Me recuerda a una pequeña iglesia, una iglesia de paredes blancas en el corazón de Carolina del Sur. Un encantador muchacho negro, de no más de cinco años, vestido con sucios y malolientes andrajos, está sentado en las escaleras del pequeño porche que da entrada al templo, en sus manos sostiene el esqueleto seco y vacío de un enorme sapo. Como si supiese que este recuerdo no me pertenece, clava sus enormes ojos negros en los míos y aguarda a que el silencio se haga en mi mente, consciente del ruido que podrían llegar a provocar mis propios pensamientos. Su boca, seca por el calor y la deshidratación, masca lentamente una palabra que no puedo comprender.
-No, está bien. No me molesta -respondo al fin.
-¡Fantástico entonces! -sus codos se apoyan sobre la mesa, ocultando su rostro tras una máscara de carne, creada por sus dedos entrelazados a la altura de la barbilla- ¿Cómo te encuentras hoy, Martha?
-Hoy... hoy me encuentro bien. Creo que hace un poco de frío en mi habitación, pero a pesar de todo he conseguido dormir durante gran parte de la noche.
La respuesta parece complacerle mientras se regodea en otra anotación en esa maldita carpeta roja.
-Haré que suban la calefacción de tu cuarto, no te preocupes. Entonces, ¿nada de sangre cayendo del techo esta mañana?
Sonrío, esta mañana la lluvia roja se deslizaba perezosa por el cristal de mi ventana, del color de los rubíes y de las rosas en verano.
-No, nada de sangre -sonrío- No sé qué me llevó a pensar que era realidad. Supongo que no era más que una pesadilla -sonrío de nuevo, mirando esta vez a través de la ventana. El jardín del psiquiátrico es precioso, demasiado pacífico como para formar parte del mundo real.
-Lo sé. No debes preocuparte, estamos aquí para cuidar de ti.
Esos ojos grises, esos ojos que me estudian y perseveran en analizar cada átomo de mi alma. Esos ojos grises me ponen enferma.
-Escucha, Martha. Sé que el rescate ha sido un episodio traumático, tanto para ti como para el Doctor Jones, pero los agentes
-¿Podemos cambiar de silla?- interrumpo.
-¿Disculpa?
-Tu silla. Es más cómoda que la mía. En la universidad siempre soy yo la que está del otro lado, no me gusta estar aquí. ¿Podemos cambiar?
Poco a poco mi mirada vuelve a buscar la suya, la del águila que estudia cada movimiento de su presa.

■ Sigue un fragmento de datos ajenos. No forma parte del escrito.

text \<open>Write \<open>a = \<parallel>w\<parallel>\<close> and \<open>\<psi>(\<lambda>) = \<langle>e, [(\<lambda>+1)z - a e]\<^sup>-\<rangle> - \<lambda>a\<close>. On the active set
  \<open>S = {i. (\<lambda>+1) z\<^sub>i < a}\<close>, \<open>\<psi>\<close> coincides with the affine function
  \<open>\<Sum>\<^sub>i\<^sub>\<in>\<^sub>S (a - (\<lambda>+1) z\<^sub>i) - \<lambda>a\<close>, and every such affine piece (for any \<open>S\<close>) lies below \<open>\<psi>\<close>.
  Because \<open>\<langle>z\<^sup>-, e\<rangle> < a\<close>, all pieces have negative slope \<open>-(a + \<Sum>\<^sub>i\<^sub>\<in>\<^sub>S z\<^sub>i)\<close>, so \<open>\<psi>\<close> is
  strictly decreasing, and \<open>\<psi>(0) > 0\<close> since some \<open>z\<^sub>j < a\<close>. The Newton step jumps to the root
  of the current piece; that point has \<open>\<psi> \<ge> 0\<close>, so from the first step on the iterates increase
  and the active sets shrink. If the active set does not change, the new iterate is the root
  of the piece that now represents \<open>\<psi>\<close>, i.e. a root of \<open>\<psi>\<close>; and the active set is never empty while
  \<open>\<psi> \<ge> 0\<close>. Hence a root of \<open>\<psi>\<close> is reached after at most \<open>p + 1 \<le> 2\<^sup>p\<close> steps.\<close>

definition active_set :: "real^'p \<Rightarrow> real \<Rightarrow> real \<Rightarrow> 'p set" where
  "active_set z a l = {i. (l + 1) * z $ i < a}"

definition psi :: "real^'p \<Rightarrow> real \<Rightarrow> real \<Rightarrow> real" where
  "psi z a l = (\<Sum>i\<in>UNIV. max (a - (l + 1) * z $ i) 0) - l * a"
lemma prob_column_avoids:
  assumes "z \<in> Z" "S \<subseteq> X" "T \<subseteq> X"
  shows "measure_pmf.prob (field {z}) {f. \<not> (\<forall>x\<in>S. f (x, z)) \<and> \<not> (\<forall>x\<in>T. f (x, z))}
       = 1 - (\<Prod>x\<in>S. q (x, z)) - (\<Prod>x\<in>T. q (x, z)) + (\<Prod>x\<in>S \<union> T. q (x, z))"
proof -
  have inj: "inj_on (\<lambda>x. (x, z)) A" for A :: "'a set" by (auto simp: inj_on_def)
  have all: "measure_pmf.prob (field {z}) {f. \<forall>x\<in>A. f (x, z)} = (\<Prod>x\<in>A. q (x, z))" if "A \<subseteq> X" for A
  proof -
    have "{f. \<forall>x\<in>A. f (x, z)} = {f. \<forall>e\<in>(\<lambda>x. (x, z)) ` A. f e}" by auto
    also have "measure_pmf.prob (field {z}) \<dots> = (\<Prod>e\<in>(\<lambda>x. (x, z)) ` A. q e)"
      using assms(1) that by (intro prob_field_all) auto
    finally show ?thesis by (simp add: prod.reindex[OF inj])
  qed
  have compl: "{f. \<not> (\<forall>x\<in>S. f (x, z)) \<and> \<not> (\<forall>x\<in>T. f (x, z))}
      = - ({f. \<forall>x\<in>S. f (x, z)} \<union> {f. \<forall>x\<in>T. f (x, z)})"
    by auto
  have inter: "{f. \<forall>x\<in>S. f (x, z)} \<inter> {f. \<forall>x\<in>T. f (x, z)} = {f. \<forall>x\<in>S \<union> T. f (x, z)}"
    by auto
  have "S \<union> T \<subseteq> X" using assms by simp
  then show ?thesis
    unfolding compl measure_pmf_prob_Compl measure_pmf_prob_Un inter
    using all assms by simp
qed

lemma prob_no_common_neighbours:
  assumes "S \<subseteq> X" "T \<subseteq> X"
  shows "Pr {f. \<not> common_neighbour S f \<and> \<not> common_neighbour T f}
       = (\<Prod>z\<in>Z. 1 - (\<Prod>x\<in>S. q (x, z)) - (\<Prod>x\<in>T. q (x, z)) + (\<Prod>x\<in>S \<union> T. q (x, z)))"
proof -
  let ?P = "\<lambda>z g. \<not> (\<forall>x\<in>S. g x) \<and> \<not> (\<forall>x\<in>T. g x)"
  have "{f. \<not> common_neighbour S f \<and> \<not> common_neighbour T f}
      = {f. \<forall>z\<in>Z. ?P z (\<lambda>x. x \<in> X \<and> f (x, z))}"
    using assms by (auto simp: common_neighbour_def)
  also have "Pr \<dots> = (\<Prod>z\<in>Z. measure_pmf.prob (field {z}) {f. ?P z (\<lambda>x. x \<in> X \<and> f (x, z))})"
    by (rule prob_field_columns) simp
  also have "\<dots> = (\<Prod>z\<in>Z. measure_pmf.prob (field {z}) {f. \<not> (\<forall>x\<in>S. f (x, z)) \<and> \<not> (\<forall>x\<in>T. f (x, z))})"
    using assms by (intro prod.cong refl arg_cong[where f = "measure_pmf.prob _"]) auto
  also have "\<dots> = (\<Prod>z\<in>Z. 1 - (\<Prod>x\<in>S. q (x, z)) - (\<Prod>x\<in>T. q (x, z)) + (\<Prod>x\<in>S \<union> T. q (x, z)))"
    using assms by (intro prod.cong refl prob_column_avoids)
  finally show ?thesis .
qed

lemma prob_common_neighbour:
  assumes "S \<subseteq> X"
  shows "Pr {f. common_neighbour S f} = 1 - (\<Prod>z\<in>Z. 1 - (\<Prod>x\<in>S. q (x, z)))"
proof -
  have "{f. common_neighbour S f} = - {f. \<not> common_neighbour S f \<and> \<not> common_neighbour S f}" by auto
  then show ?thesis
    using prob_no_common_neighbours[OF assms assms] by (simp add: measure_pmf_prob_Compl)
qed
lemma Ld_DEL_iff_schemes:
  assumes grad_f: "\<And>z. (f has_derivative (\<lambda>h. P z \<bullet> h)) (at z)"
    and a_nonzero: "\<And>k. a k \<noteq> 0"
    and mu_eq: "\<And>k. mu (k+1) = a k / a (k+1)"
    and eta_eq: "\<And>k. eta k = (bm k + bp k) / a k"
  shows "(\<forall>x. free_DEL (Ld a bm bp f) x \<longleftrightarrow> (\<exists>y. scheme_free mu eta P x y))
    \<and> (\<forall>x. forced_DEL (Ld a bm bp f) (Fdm a bm bp P) (Fdp a bm bp P) x
           \<longleftrightarrow> (\<exists>y. scheme_forced mu eta P x y))"
proof -
  have a_mu: "a (k-1) = mu k * a k" if "k \<ge> 1" for k
    using mu_eq[of "k-1"] a_nonzero[of k] that by simp
  have b_eta: "bm k + bp k = eta k * a k" for k
    using eta_eq[of k] a_nonzero[of k] by simp
  show ?thesis
    using free_DEL_Ld_iff_heavy_ball[where mu = mu and eta = eta, OF grad_f a_nonzero a_mu b_eta]
      forced_DEL_Ld_iff_nesterov[where mu = mu and eta = eta, OF grad_f a_nonzero a_mu b_eta]
    by (simp add: ex_scheme_free_iff_heavy_ball ex_scheme_forced_iff_nesterov)
qed

lemma Ld_DEL_iff_schemes_momentum:
  assumes grad_f: "\<And>z. (f has_derivative (\<lambda>h. P z \<bullet> h)) (at z)"
    and mu_nonzero: "\<And>k. mu (k+1) \<noteq> 0"
    and "a 0 = 1"
    and a_rec: "\<And>k. a (k+1) = a k / mu (k+1)"
    and bm_eq: "\<And>k. bm k = 1/2 * a k * eta k"
    and bp_eq: "\<And>k. bp k = 1/2 * a k * eta k"
  shows "(\<forall>x. free_DEL (Ld a bm bp f) x \<longleftrightarrow> (\<exists>y. scheme_free mu eta P x y))
    \<and> (\<forall>x. forced_DEL (Ld a bm bp f) (Fdm a bm bp P) (Fdp a bm bp P) x
           \<longleftrightarrow> (\<exists>y. scheme_forced mu eta P x y))"
proof (rule Ld_DEL_iff_schemes[OF grad_f])
  show a_nonzero: "a k \<noteq> 0" for k
  proof (induction k)
    case (Suc k)
    then show ?case using a_rec[of k] mu_nonzero[of k] by simp
  qed (simp add: \<open>a 0 = 1\<close>)
  show "mu (k+1) = a k / a (k+1)" for k
    using a_rec[of k] mu_nonzero[of k] a_nonzero[of k] by simp
  show "eta k = (bm k + bp k) / a k" for k
    using a_nonzero[of k] by (simp add: bm_eq bp_eq)
qed

theorem theorem7p2:
  fixes f :: "real ^ 'n \<Rightarrow> real" and P :: "real ^ 'n \<Rightarrow> real ^ 'n"
  assumes grad_f: "\<forall>z. (f has_derivative (\<lambda>h. P z \<bullet> h)) (at z)"
  shows
    "(\<forall>(a::nat \<Rightarrow> real) bm bp (mu::nat \<Rightarrow> real) (eta::nat \<Rightarrow> real).
        (\<forall>k. a k \<noteq> 0) \<and> (\<forall>k. mu (k+1) = a k / a (k+1)) \<and> (\<forall>k. eta k = (bm k + bp k) / a k)
        \<longrightarrow> (\<forall>x. free_DEL (Ld a bm bp f) x \<longleftrightarrow> (\<exists>y. scheme_free mu eta P x y))
          \<and> (\<forall>x. forced_DEL (Ld a bm bp f) (Fdm a bm bp P) (Fdp a bm bp P) x
                 \<longleftrightarrow> (\<exists>y. scheme_forced mu eta P x y)))
     \<and>
     (\<forall>(mu::nat \<Rightarrow> real) (eta::nat \<Rightarrow> real) (a::nat \<Rightarrow> real) bm bp.
        (\<forall>k. mu (k+1) \<noteq> 0) \<and> a 0 = 1 \<and> (\<forall>k. a (k+1) = a k / mu (k+1))
        \<and> (\<forall>k. bm k = 1/2 * a k * eta k) \<and> (\<forall>k. bp k = 1/2 * a k * eta k)
        \<longrightarrow> (\<forall>x. free_DEL (Ld a bm bp f) x \<longleftrightarrow> (\<exists>y. scheme_free mu eta P x y))
          \<and> (\<forall>x. forced_DEL (Ld a bm bp f) (Fdm a bm bp P) (Fdp a bm bp P) x
                 \<longleftrightarrow> (\<exists>y. scheme_forced mu eta P x y)))"
  using Ld_DEL_iff_schemes[OF grad_f[rule_format]]
    Ld_DEL_iff_schemes_momentum[OF grad_f[rule_format]]
  by blast

end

-Er... por supuesto. Como iba diciendo -continua mientras se levanta y el hilo musical de su despacho comienza a desgranar El Danubio Azul- Los agentes MacHardy y Delaine me han pedido que hable contigo de los incidentes de la expedición. Como bien sabes, todavía se desconoce el paradero de tres de tus colegas, el Doctor Jeremiah Baxter, la señorita Helen Duvois y el director general del Museo del Cairo, Ahmed Al´Malek.
Su silla es cómoda, de cuero negro suave y brillante. Ahora soy yo la que puede mirarlo por encima de mi hombro, pese a sus anotaciones y su meloso tono paternalista.
-Sería de mucha ayuda que me contases todo lo que recuerdes, cualquier cosa podría ser la pieza que falta en el rompecabezas para encontrarlos y salvar sus vidas.
Sus vidas. Lo dice como si sus vidas tuviesen algún valor. Siento ganas de vomitar. Como cuando era niña, dejo que las imperfecciones de mi cuerpo se adormezcan al son de los arpegios de la música de cámara y respiro honda y profundamente.
-Aterrizamos en el aeropuerto de El Cairo el doce de Agosto. El Doctor Baxter y su mujer, Helen, habían volado desde Los Ángeles a Londres, el Doctor Jones nos esperaba en El Cairo, junto con Ahmed. Nunca imaginé que en Egipto haría tanto frío. Nada más bajar del avión, el Doctor Jones se acercó a mí, dijo que me había reconocido de mi ponencia en la Conferencia Internacional Europea de Arqueología del 2005: La pirámide del Faraón Negro, El Misterio de Hoteph.